The Dream Factory: New Ways of Listening and Interpretting in Psychotherapy and Psychoanalysis

Friday, October 14, 2016

Today at the International Psychotherapy Institute, we are listening to Giuseppe Civitarese from Italy, or perhaps I should say dreaming along with him, as he begins a weekend workshop on listening and interpreting in psychotherapy and psychoanalysis. He asks us to consider the treatment setting as a field with a body which patient and analyst share and co-construct in the intersubjective area between them. The body of the setting is felt in the body of the patient and in the body of the analyst as a kind if somato-implicit-procedural impression of what is going on in the session. The analyst’s bodily experience often takes the form of a breach in the setting.
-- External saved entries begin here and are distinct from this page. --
(* Let $a,b,c$ be positive integers and define the formal power series \begin{alignat*}{2} F_p(x,y)&=\sum_{m,n\geq 0}\zeta_p(\{a\}^m,b,\{c\}^n)x^my^n, & G_p(y)&=\sum_{n\geq0}\zeta_p(\{c\}^n)y^n,\\ F^\star_p(x,y)&=\sum_{m,n\geq 0}\zeta^\star_p(\{c\}^m,b,\{a\}^n)x^my^n, & G^\star_p(y)&=\sum_{n\geq0}\zeta^\star_p(\{a\}^n)y^n. \end{alignat*} For $q\geq 1$ put \[T_q=\begin{pmatrix}1+\frac{x}{q^a} & \frac{1}{q^b}\\ 0 & 1+\frac{y}{q^c}\end{pmatrix},\qquad U_q=\Bigl(1-\frac{x}{q^c}\Bigr)^{-1}\Bigl(1-\frac{y}{q^a}\Bigr)^{-1}\begin{pmatrix}1-\frac{y}{q^a} & \frac{1}{q^b}\\ 0 & 1-\frac{x}{q^c}\end{pmatrix}.\] Then for every integer $p\geq 0$, \[\begin{pmatrix}F_p(x,y)\\ G_p(y)\end{pmatrix}=T_pT_{p-1}\cdots T_1\begin{pmatrix}0\\1\end{pmatrix},\qquad \begin{pmatrix}F^\star_p(x,y)\\ G^\star_p(y)\end{pmatrix}=U_pU_{p-1}\cdots U_1\begin{pmatrix}0\\1\end{pmatrix}\] (for $p=0$ the products are empty, i.e. the identity matrix).
   Context: For an integer $p\geq 0$ and positive integers $k_1,\ldots,k_n$, the truncated sums are $\zeta_p(k_1,\ldots,k_n)=\sum_{p\geq p_1>p_2>\cdots>p_n>0}p_1^{-k_1}\cdots p_n^{-k_n}$ and $\zeta^\star_p(k_1,\ldots,k_n)=\sum_{p\geq p_1\geq p_2\geq\cdots\geq p_n\geq 1}p_1^{-k_1}\cdots p_n^{-k_n}$; empty sums are $0$, and for the empty index $\zeta_p(\varnothing)=\zeta^\star_p(\varnothing)=1$ (also when $p=0$). $\{a\}^m$ denotes $m$ copies of $a$. The factors $(1-x/q^c)^{-1}$ etc. are understood as formal power series. *)

theory Defs
  imports "HOL-Analysis.Analysis" "HOL-Computational_Algebra.Formal_Power_Series"
begin

definition zeta_tr :: "nat \<Rightarrow> nat list \<Rightarrow> real" where
  "zeta_tr p ks = (\<Sum>ps \<in> {ps. length ps = length ks \<and> (\<forall>i<length ps. 0 < ps!i \<and> ps!i \<le> p)
                        \<and> sorted_wrt (>) ps}.
                     \<Prod>i<length ks. 1 / real (ps!i) ^ (ks!i))"

definition zetas_tr :: "nat \<Rightarrow> nat list \<Rightarrow> real" where
  "zetas_tr p ks = (\<Sum>ps \<in> {ps. length ps = length ks \<and> (\<forall>i<length ps. 1 \<le> ps!i \<and> ps!i \<le> p)
                        \<and> sorted_wrt (\<ge>) ps}.
                     \<Prod>i<length ks. 1 / real (ps!i) ^ (ks!i))"

text \<open>Bivariate formal power series in x, y: outer variable x, inner variable y.\<close>
type_synonym bfps = "real fps fps"

definition bX :: bfps where "bX = fps_X"
definition bY :: bfps where "bY = fps_const fps_X"
definition bconst :: "real \<Rightarrow> bfps" where "bconst r = fps_const (fps_const r)"

definition bseries :: "(nat \<Rightarrow> nat \<Rightarrow> real) \<Rightarrow> bfps" where
  "bseries f = Abs_fps (\<lambda>m. Abs_fps (\<lambda>n. f m n))"

definition Fser :: "nat \<Rightarrow> nat \<Rightarrow> nat \<Rightarrow> nat \<Rightarrow> bfps" where
  "Fser a b c p = bseries (\<lambda>m n. zeta_tr p (replicate m a @ [b] @ replicate n c))"
definition Gser :: "nat \<Rightarrow> nat \<Rightarrow> bfps" where
  "Gser c p = bseries (\<lambda>m n. if m = 0 then zeta_tr p (replicate n c) else 0)"
definition Fsser :: "nat \<Rightarrow> nat \<Rightarrow> nat \<Rightarrow> nat \<Rightarrow> bfps" where
  "Fsser a b c p = bseries (\<lambda>m n. zetas_tr p (replicate m c @ [b] @ replicate n a))"
definition Gsser :: "nat \<Rightarrow> nat \<Rightarrow> bfps" where
  "Gsser a p = bseries (\<lambda>m n. if m = 0 then zetas_tr p (replicate n a) else 0)"

definition Tmat :: "nat \<Rightarrow> nat \<Rightarrow> nat \<Rightarrow> nat \<Rightarrow> bfps^2^2" where
  "Tmat a b c q = vector [vector [1 + bX * bconst (1 / real q ^ a), bconst (1 / real q ^ b)],
                          vector [0, 1 + bY * bconst (1 / real q ^ c)]]"

definition Umat :: "nat \<Rightarrow> nat \<Rightarrow> nat \<Rightarrow> nat \<Rightarrow> bfps^2^2" where
  "Umat a b c q =
     (let s = inverse (1 - bX * bconst (1 / real q ^ c)) * inverse (1 - bY * bconst (1 / real q ^ a))
      in vector [vector [s * (1 - bY * bconst (1 / real q ^ a)), s * bconst (1 / real q ^ b)],
                 vector [s * 0, s * (1 - bX * bconst (1 / real q ^ c))]])"

fun matprod_down :: "(nat \<Rightarrow> bfps^2^2) \<Rightarrow> nat \<Rightarrow> bfps^2^2" where
  "matprod_down M 0 = mat 1"
| "matprod_down M (Suc p) = M (Suc p) ** matprod_down M p"

end

theory Submission
  imports Defs
begin

text \<open>Splitting off the terms whose largest index equals \<open>p\<close> gives
  \<open>zeta_p(k, ks) = zeta_(p-1)(k, ks) + p^(-k) zeta_(p-1)(ks)\<close> and
  \<open>zeta*_p(k, ks) = zeta*_(p-1)(k, ks) + p^(-k) zeta*_p(ks)\<close>.
  Read coefficientwise on the generating series, the first says that \<open>(F_p, G_p) = T_p (F_(p-1), G_(p-1))\<close>;
  the second says that \<open>(F*_p, G*_p)\<close> solves the triangular system whose solution operator is \<open>U_p\<close>.
  Induction on \<open>p\<close> from the column \<open>(0, 1)\<close> finishes the proof.\<close>

definition index_lists :: "(nat \<Rightarrow> nat \<Rightarrow> bool) \<Rightarrow> nat \<Rightarrow> nat \<Rightarrow> nat list set" where
  "index_lists R p n = {ps. length ps = n \<and> set ps \<subseteq> {1..p} \<and> sorted_wrt R ps}"

definition mzv_term :: "nat list \<Rightarrow> nat list \<Rightarrow> real" where
  "mzv_term ks ps = (\<Prod>i<length ks. 1 / real (ps!i) ^ (ks!i))"

lemma zeta_tr_eq_sum_index_lists: "zeta_tr p ks = sum (mzv_term ks) (index_lists (>) p (length ks))"
proof -
  have "{ps. length ps = length ks \<and> (\<forall>i<length ps. 0 < ps!i \<and> ps!i \<le> p) \<and> sorted_wrt (>) ps}
        = index_lists (>) p (length ks)"
    unfolding index_lists_def by (auto simp: subset_iff in_set_conv_nth Suc_le_eq)
  then show ?thesis unfolding zeta_tr_def mzv_term_def by simp
qed

lemma zetas_tr_eq_sum_index_lists: "zetas_tr p ks = sum (mzv_term ks) (index_lists (\<ge>) p (length ks))"
proof -
  have "{ps. length ps = length ks \<and> (\<forall>i<length ps. 1 \<le> ps!i \<and> ps!i \<le> p) \<and> sorted_wrt (\<ge>) ps}
        = index_lists (\<ge>) p (length ks)"
    unfolding index_lists_def by (auto simp: subset_iff in_set_conv_nth)
  then show ?thesis unfolding zetas_tr_def mzv_term_def by simp
qed

lemma finite_index_lists: "finite (index_lists R p n)"
  by (rule finite_subset[OF _ finite_lists_length_eq[of "{1..p}" n]]) (auto simp: index_lists_def)

lemma index_lists_0_length: "index_lists R p 0 = {[]}"
  by (auto simp: index_lists_def)

lemma index_lists_0_bound: "index_lists R 0 (Suc n) = {}"
  by (auto simp: index_lists_def length_Suc_conv)

lemma index_lists_Suc:
  assumes descending: "\<And>x y. R x y \<Longrightarrow> y \<le> x"
  shows "index_lists R (Suc p) (Suc n) =
     index_lists R p (Suc n) \<union> Cons (Suc p) ` {qs \<in> index_lists R (Suc p) n. \<forall>q\<in>set qs. R (Suc p) q}"
proof (intro equalityI subsetI)
  fix ps assume "ps \<in> index_lists R (Suc p) (Suc n)"
  then obtain q qs where ps: "ps = q # qs" and len: "length qs = n"
    and set: "set (q # qs) \<subseteq> {1..Suc p}" and sorted: "sorted_wrt R (q # qs)"
    unfolding index_lists_def by (auto simp: length_Suc_conv)
  show "ps \<in> index_lists R p (Suc n) \<union>
      Cons (Suc p) ` {qs \<in> index_lists R (Suc p) n. \<forall>q\<in>set qs. R (Suc p) q}"
  proof (cases "q = Suc p")
    case True
    then have "qs \<in> {qs \<in> index_lists R (Suc p) n. \<forall>q\<in>set qs. R (Suc p) q}"
      using len set sorted by (simp add: index_lists_def)
    then show ?thesis using ps True by blast
  next
    case False
    then have "ps \<in> index_lists R p (Suc n)"
      using len set sorted ps descending by (fastforce simp: index_lists_def le_Suc_eq)
    then show ?thesis by blast
  qed
qed (auto simp: index_lists_def)

lemma sum_mzv_term_Suc:
  assumes "\<And>x y. R x y \<Longrightarrow> y \<le> x"
  shows "sum (mzv_term (k # ks)) (index_lists R (Suc p) (Suc (length ks))) =
     sum (mzv_term (k # ks)) (index_lists R p (Suc (length ks))) +
     1 / real (Suc p) ^ k *
       sum (mzv_term ks) {qs \<in> index_lists R (Suc p) (length ks). \<forall>q\<in>set qs. R (Suc p) q}"
proof -
  have "index_lists R p (Suc (length ks)) \<inter> Cons (Suc p) ` A = {}" for A
    by (auto simp: index_lists_def)
  moreover have "mzv_term (k # ks) (Suc p # qs) = 1 / real (Suc p) ^ k * mzv_term ks qs" for qs
    unfolding mzv_term_def by (simp only: length_Cons prod.lessThan_Suc_shift) simp
  ultimately show ?thesis
    by (simp add: index_lists_Suc[OF assms] sum.union_disjoint finite_index_lists sum.reindex
        sum_distrib_left del: of_nat_Suc)
qed

lemma zeta_tr_Nil: "zeta_tr p [] = 1"
  by (simp add: zeta_tr_eq_sum_index_lists index_lists_0_length mzv_term_def)

lemma zetas_tr_Nil: "zetas_tr p [] = 1"
  by (simp add: zetas_tr_eq_sum_index_lists index_lists_0_length mzv_term_def)

lemma zeta_tr_0: "ks \<noteq> [] \<Longrightarrow> zeta_tr 0 ks = 0"
  by (auto simp: neq_Nil_conv zeta_tr_eq_sum_index_lists index_lists_0_bound)

lemma zetas_tr_0: "ks \<noteq> [] \<Longrightarrow> zetas_tr 0 ks = 0"
  by (auto simp: neq_Nil_conv zetas_tr_eq_sum_index_lists index_lists_0_bound)

lemma zeta_tr_Suc_Cons:
  "zeta_tr (Suc p) (k # ks) = zeta_tr p (k # ks) + 1 / real (Suc p) ^ k * zeta_tr p ks"
proof -
  have "{qs \<in> index_lists (>) (Suc p) n. \<forall>q\<in>set qs. q < Suc p} = index_lists (>) p n" for n
    by (fastforce simp: index_lists_def less_Suc_eq_le)
  then show ?thesis
    by (simp add: zeta_tr_eq_sum_index_lists sum_mzv_term_Suc[of "(>)"] del: of_nat_Suc)
qed

lemma zetas_tr_Suc_Cons:
  "zetas_tr (Suc p) (k # ks) = zetas_tr p (k # ks) + 1 / real (Suc p) ^ k * zetas_tr (Suc p) ks"
proof -
  have "{qs \<in> index_lists (\<ge>) (Suc p) n. \<forall>q\<in>set qs. q \<le> Suc p} = index_lists (\<ge>) (Suc p) n" for n
    by (auto simp: index_lists_def)
  then show ?thesis
    by (simp add: zetas_tr_eq_sum_index_lists sum_mzv_term_Suc[of "(\<ge>)"] del: of_nat_Suc)
qed

lemma bseries_nth [simp]: "fps_nth (fps_nth (bseries f) m) n = f m n"
  by (simp add: bseries_def)

lemma bfps_eqI: "(\<And>m n. fps_nth (fps_nth (A :: bfps) m) n = fps_nth (fps_nth B m) n) \<Longrightarrow> A = B"
  by (rule fps_ext, rule fps_ext) simp

lemma bX_mult_nth [simp]: "fps_nth (fps_nth (bX * A) m) n = (if m = 0 then 0 else fps_nth (fps_nth A (m - 1)) n)"
  by (simp add: bX_def)

lemma bY_mult_nth [simp]: "fps_nth (fps_nth (bY * A) m) n = (if n = 0 then 0 else fps_nth (fps_nth A m) (n - 1))"
  by (simp add: bY_def)

lemma bconst_mult_nth [simp]: "fps_nth (fps_nth (bconst r * A) m) n = r * fps_nth (fps_nth A m) n"
  by (simp add: bconst_def)

lemma bfps_inverse_mult_cancel: "fps_nth (fps_nth (f :: bfps) 0) 0 \<noteq> 0 \<Longrightarrow> inverse f * f = 1"
  using fps_right_inverse[of f "inverse (fps_nth f 0)"] inverse_mult_eq_1'[of "fps_nth f 0"]
  by (simp add: fps_inverse_def mult.commute)

lemma Fser_0: "Fser a b c 0 = 0"
  by (rule bfps_eqI) (simp add: Fser_def zeta_tr_0)

lemma Gser_0: "Gser c 0 = 1"
  by (rule bfps_eqI) (simp add: Gser_def zeta_tr_Nil zeta_tr_0)

lemma Fsser_0: "Fsser a b c 0 = 0"
  by (rule bfps_eqI) (simp add: Fsser_def zetas_tr_0)

lemma Gsser_0: "Gsser a 0 = 1"
  by (rule bfps_eqI) (simp add: Gsser_def zetas_tr_Nil zetas_tr_0)

lemma Fser_Suc:
  "Fser a b c (Suc p) =
     (1 + bX * bconst (1 / real (Suc p) ^ a)) * Fser a b c p + bconst (1 / real (Suc p) ^ b) * Gser c p"
  by (rule bfps_eqI, case_tac m)
     (simp_all add: Fser_def Gser_def ring_distribs mult.assoc zeta_tr_Suc_Cons del: of_nat_Suc fps_mult_nth_0)

lemma Gser_Suc: "Gser c (Suc p) = (1 + bY * bconst (1 / real (Suc p) ^ c)) * Gser c p"
  by (rule bfps_eqI, case_tac n)
     (simp_all add: Gser_def ring_distribs mult.assoc zeta_tr_Suc_Cons zeta_tr_Nil del: of_nat_Suc fps_mult_nth_0)

lemma Fsser_Suc:
  "(1 - bX * bconst (1 / real (Suc p) ^ c)) * Fsser a b c (Suc p) =
     Fsser a b c p + bconst (1 / real (Suc p) ^ b) * Gsser a (Suc p)"
  by (rule bfps_eqI, case_tac m)
     (simp_all add: Fsser_def Gsser_def ring_distribs mult.assoc zetas_tr_Suc_Cons del: of_nat_Suc fps_mult_nth_0)

lemma Gsser_Suc: "(1 - bY * bconst (1 / real (Suc p) ^ a)) * Gsser a (Suc p) = Gsser a p"
  by (rule bfps_eqI, case_tac n)
     (simp_all add: Gsser_def ring_distribs mult.assoc zetas_tr_Suc_Cons zetas_tr_Nil del: of_nat_Suc fps_mult_nth_0)

lemma matrix_vector_mult_2x2:
  "(vector [vector [a, b], vector [c, d]] :: 'a::semiring_1 ^2^2) *v vector [u, v] =
     vector [a * u + b * v, c * u + d * v]"
  by (simp add: vec_eq_iff forall_2 matrix_vector_mult_def sum_2)

lemma scaled_triangular_solve:
  fixes A B r f g f' g' :: "'a::{comm_ring_1, inverse}"
  assumes "inverse A * A = 1" "inverse B * B = 1"
    and "B * g' = g" "A * f' = f + r * g'"
  shows "(vector [f', g'] :: 'a^2) =
    (let s = inverse A * inverse B in vector [vector [s * B, s * r], vector [s * 0, s * A]] :: 'a^2^2)
      *v vector [f, g]"
proof -
  have g': "g' = inverse B * g"
    by (metis assms(2,3) mult.assoc mult_1_left)
  have f': "f' = inverse A * (f + r * g')"
    by (metis assms(1,4) mult.assoc mult_1_left)
  have "inverse A * inverse B * B * f + inverse A * inverse B * r * g =
      inverse A * (inverse B * B) * f + inverse A * (r * (inverse B * g))"
    by (simp add: ac_simps)
  also have "\<dots> = f'"
    using assms(2) by (simp add: f' g' ring_distribs)
  finally have first: "inverse A * inverse B * B * f + inverse A * inverse B * r * g = f'" .
  have "inverse A * inverse B * A * g = (inverse A * A) * (inverse B * g)"
    by (simp add: ac_simps)
  then have second: "inverse A * inverse B * A * g = g'"
    using assms(1) by (simp add: g')
  show ?thesis
    by (simp add: Let_def matrix_vector_mult_2x2 first second)
qed

lemma Tmat_step:
  "vector [Fser a b c (Suc p), Gser c (Suc p)] = Tmat a b c (Suc p) *v vector [Fser a b c p, Gser c p]"
  by (simp add: Tmat_def matrix_vector_mult_2x2 Fser_Suc Gser_Suc del: of_nat_Suc)

lemma Umat_step:
  "vector [Fsser a b c (Suc p), Gsser a (Suc p)] = Umat a b c (Suc p) *v vector [Fsser a b c p, Gsser a p]"
  unfolding Umat_def
  by (rule scaled_triangular_solve[OF _ _ Gsser_Suc Fsser_Suc];
      rule bfps_inverse_mult_cancel; simp del: fps_mult_nth_0 of_nat_Suc)

theorem lemma2p1:
  fixes a b c p :: nat
  assumes "a > 0" "b > 0" "c > 0"
  shows "(vector [Fser a b c p, Gser c p] :: bfps^2)
           = matprod_down (Tmat a b c) p *v vector [0, 1]
       \<and> (vector [Fsser a b c p, Gsser a p] :: bfps^2)
           = matprod_down (Umat a b c) p *v vector [0, 1]"
proof (induction p)
  case 0
  then show ?case by (simp add: Fser_0 Gser_0 Fsser_0 Gsser_0)
next
  case (Suc p)
  then show ?case
    by (simp add: Tmat_step Umat_step matrix_vector_mul_assoc[symmetric] del: of_nat_Suc)
qed

end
Mike Stadter, Doug Dennett, and Giuseppe Civitarese
Mike Stadter, Doug Dennett, and Giuseppe Civitarese

The mother helps her child develop a mind not through words, but through the music of language and rhythm of movement that gets installed in the body. Interruptions in that rhythm are also installed on the body.

In unexpected unconscious breaches in the setting, trauma is reproduced and experienced as sensorial and bodily manifestations on the way towards representability of dissonance in the rhythm of relating to the maternal object. When the surprise of the breach is encountered in the analyst’s reverie, the analytic pair arrives at a starting point for transformation. From the vertiginous multiplicity of past and current impressions in the analyst’s reverie, meaning will arrive if we have confidence in the sublime potential of psychoanalysis.